A: Peak wavelength is the physical peak of the light spectrum emitted. Dominant wavelength is the perceptual \"color\" our eyes see, which for red AlGaInP LEDs is often slightly shorter than the peak due to the shape of the spectral curve and the human eye's sensitivity (photopic response). Designers should use Dominant Wavelength for color specification.

Q: How critical is the binning selection?
A: For applications where multiple LEDs are used side-by-side (like a message board), selecting a single bin for luminous intensity (CAT) and dominant wavelength (HUE) is critical to avoid visible brightness and color variations across the display.

Q: The storage conditions seem strict. What happens if they are exceeded?
A: Moisture absorption can occur if stored in high humidity. During subsequent soldering (reflow), the rapid heating can cause the trapped moisture to expand violently, leading to internal package cracking (\"popcorning\") and failure.
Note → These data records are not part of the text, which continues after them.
lemma prod_attr_moments_inside:
  assumes p: "p \<in> coords K v" and q: "q \<in> coords K v" and v: "v \<ge> 2"
    and eq: "coord_attrs q = coord_attrs p" and TA: "coord_attrs p \<subseteq> A"
  shows "(\<Prod>t\<in>coord_attrs p. attr_moment v A D p q t) =
      (\<Prod>t\<in>coord_attrs p. real (card (level_pairs v A D t))) * (\<Prod>t\<in>coord_attrs p. coord_gram v p q t) /
      real v ^ card (coord_attrs p)"
    and "(\<Prod>t\<in>coord_attrs p. attr_cross_moment v A D p q t) =
      (\<Prod>t\<in>coord_attrs p. real (card (level_pairs v A D t))) * (\<Prod>t\<in>coord_attrs p. coord_gram v p q t) *
      (- 1 / (real v - 1)) ^ card (coord_attrs p \<inter> D) / real v ^ card (coord_attrs p)"
proof -
  let ?T = "coord_attrs p" and ?m = "\<lambda>t. real (card (level_pairs v A D t))"
  have "(\<Prod>t\<in>?T. attr_moment v A D p q t) = (\<Prod>t\<in>?T. ?m t * coord_gram v p q t / real v)"
    using attr_moments_inside[OF p q v] eq TA by (intro prod.cong) auto
  then show "(\<Prod>t\<in>?T. attr_moment v A D p q t) =
      (\<Prod>t\<in>?T. ?m t) * (\<Prod>t\<in>?T. coord_gram v p q t) / real v ^ card ?T"
    by (simp add: prod.distrib prod_dividef)
  have "(\<Prod>t\<in>?T. attr_cross_moment v A D p q t) =
      (\<Prod>t\<in>?T. ?m t * coord_gram v p q t * (if t \<in> D then - 1 / (real v - 1) else 1) / real v)"
    using attr_moments_inside[OF p q v] eq TA by (intro prod.cong) auto
  then show "(\<Prod>t\<in>?T. attr_cross_moment v A D p q t) =
      (\<Prod>t\<in>?T. ?m t) * (\<Prod>t\<in>?T. coord_gram v p q t) *
      (- 1 / (real v - 1)) ^ card (?T \<inter> D) / real v ^ card ?T"
    using finite_coord_attrs[of p] by (simp add: prod.distrib prod_dividef prod.If_cases Int_def)
qed

lemma sum_pattern_pairs_info_term_same_attrs:
  assumes p: "p \<in> coords K v" and q: "q \<in> coords K v" and v: "v \<ge> 2" and A: "A \<subseteq> {..<K}"
    and eq: "coord_attrs q = coord_attrs p"
  shows "(\<Sum>x\<in>pattern_pairs v A D.
            (fvec v (fst x) p - fvec v (snd x) p) * (fvec v (fst x) q - fvec v (snd x) q)) =
    2 * (\<Prod>t<K. real (card (level_pairs v A D t))) * (\<Prod>t\<in>coord_attrs p. coord_gram v p q t) *
    (if coord_attrs p \<subseteq> A
     then (1 - (- 1 / (real v - 1)) ^ card (coord_attrs p \<inter> D)) / real v ^ card (coord_attrs p)
     else 0)"
proof -
  define T where "T = coord_attrs p"
  define m where "m t = real (card (level_pairs v A D t))" for t
  have split: "(\<Prod>t<K. f t) = (\<Prod>t\<in>{..<K} - T. f t) * (\<Prod>t\<in>T. f t)" for f :: "nat \<Rightarrow> real"
    using coord_attrs_subset[OF p] by (simp add: T_def prod.subset_diff)
  have "(\<Prod>t\<in>{..<K} - T. attr_moment v A D p q t) = (\<Prod>t\<in>{..<K} - T. m t)"
    and "(\<Prod>t\<in>{..<K} - T. attr_cross_moment v A D p q t) = (\<Prod>t\<in>{..<K} - T. m t)"
    using attr_moments_outside[OF p q v] eq by (auto intro!: prod.cong simp: T_def m_def)
  then have info: "(\<Sum>x\<in>pattern_pairs v A D.
      (fvec v (fst x) p - fvec v (snd x) p) * (fvec v (fst x) q - fvec v (snd x) q)) =
      2 * (\<Prod>t\<in>{..<K} - T. m t) *
      ((\<Prod>t\<in>T. attr_moment v A D p q t) - (\<Prod>t\<in>T. attr_cross_moment v A D p q t))"
    unfolding sum_pattern_pairs_info_term[OF p q A] split[of "attr_moment v A D p q"]
      split[of "attr_cross_moment v A D p q"] by (simp add: algebra_simps)
  show ?thesis
  proof (cases "T \<subseteq> A")
    case True
    have "(\<Prod>t<K. m t) = (\<Prod>t\<in>{..<K} - T. m t) * (\<Prod>t\<in>T. m t)" by (rule split)
    moreover have "real v ^ card T \<noteq> 0" using v by simp
    ultimately show ?thesis
      unfolding info prod_attr_moments_inside[OF p q v eq True[unfolded T_def], folded T_def] using True
      by (simp add: T_def[symmetric] m_def[symmetric] field_simps)
  next
    case False
    then obtain t where t: "t \<in> T" "t \<notin> A" by blast
    then have "attr_moment v A D p q t = 0" "attr_cross_moment v A D p q t = 0"
      using attr_moments_inside[OF p q v] eq by (auto simp: T_def)
    then have "(\<Prod>t\<in>T. attr_moment v A D p q t) = 0" "(\<Prod>t\<in>T. attr_cross_moment v A D p q t) = 0"
      using finite_coord_attrs[of p] t by (auto simp: T_def intro: prod_zero)
    then show ?thesis
      unfolding info using False by (simp add: T_def)
  qed
qed
definition staircase :: "nat \<Rightarrow> nat \<Rightarrow> nat \<Rightarrow> nat \<Rightarrow> (nat \<Rightarrow> nat) \<Rightarrow> (nat \<Rightarrow> nat) \<Rightarrow> (nat \<times> nat) set \<Rightarrow> bool" where
  "staircase m n s t b d I \<longleftrightarrow>
     1 \<le> s \<and> s \<le> t \<and> t \<le> m \<and>
     (\<forall>i. s \<le> i \<and> i \<le> t \<longrightarrow> 1 \<le> b i \<and> b i \<le> d i \<and> d i \<le> n) \<and>
     (\<forall>i. s \<le> i \<and> i < t \<longrightarrow> b (i+1) \<le> b i \<and> b i \<le> d (i+1) \<and> d (i+1) \<le> d i) \<and>
     I = {(i, x). s \<le> i \<and> i \<le> t \<and> b i \<le> x \<and> x \<le> d i}"

end

theory Submission
  imports Defs "HOL-Library.Product_Order"
begin

text \<open>An interval J \<supset> I is connected, so some edge of J leaves I, and convexity of J then forces
  one of the listed vertices into J. Again by convexity, such a vertex can be moved within J along
  the block of rows sharing the same end to the corner of that block (its first row for right
  ends, its last row for left ends); adding the corner vertex to I gives an interval. So every
  interval J \<supset> I contains a one-point extension of I by a listed vertex, and the covers of I
  are exactly these extensions.\<close>

lemma grid_eq_atLeastAtMost: "grid m n = {(1, 1)..(m, n)}"
  by (simp add: grid_def atLeastAtMost_prod_eq)

lemma grid_arrow_le: "grid_arrow m n x y \<Longrightarrow> x \<le> y"
  by (auto simp: grid_arrow_def less_eq_prod_def)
Adhering to the storage guidelines is essential.

11. Practical Use Case Example

Scenario: Designing a single-line VMS for a bus stop.
The display uses 7-segment characters. Each segment is backlit by multiple LEDs. Using the oval 3474BFRR/MS LEDs oriented with their wide axis (110°) horizontal would efficiently fill the rectangular segment area with red light, minimizing the number of LEDs needed per segment compared to round LEDs. The designer would specify bin R1 for dominant wavelength to ensure all characters have an identical red hue, and bin RC or RD for luminous intensity to guarantee sufficient brightness for daylight readability. A constant current driver board would be designed to supply 18-20mA per LED string, with appropriate thermal design for the enclosed sign cabinet.

12. Operational Principle

This LED operates on the principle of electroluminescence in a semiconductor diode. The AlGaInP chip forms a p-n junction. When a forward voltage exceeding the junction's threshold (approx. 1.6-2.6V) is applied, electrons and holes are injected across the junction. When these charge carriers recombine, they release energy in the form of photons (light). The specific composition of the AlGaInP alloy determines the bandgap energy, which directly defines the wavelength (color) of the emitted light—in this case, in the red spectrum (~621-629 nm). The oval-shaped epoxy lens then encapsulates the chip and precisely molds the emitted light into the desired 110° x 60° radiation pattern.

13. Technology Trends

While this is a mature through-hole component, the broader LED industry trends that influence its application space include:
Increased Efficiency: Ongoing material and process improvements lead to higher luminous efficacy (more light per watt), allowing for lower power consumption or higher brightness in signage.
Enhanced Reliability: Improvements in epoxy resins, encapsulation techniques, and chip packaging continue to extend operational lifetimes, which is crucial for infrastructure applications like transportation signs.
Color Mixing and Control: There is a trend towards more sophisticated multi-color and full-color LED signs. Components with well-defined and stable radiation patterns, like this oval LED, remain essential for achieving uniform color mixing and high-quality graphical output in these advanced systems.
Miniaturization & Surface Mount: The general trend is towards surface-mount device (SMD) packages for automated assembly. However, through-hole components like the 3474 series maintain relevance in applications requiring extreme mechanical robustness, easier manual servicing, or specific optical formats not readily available in SMDs.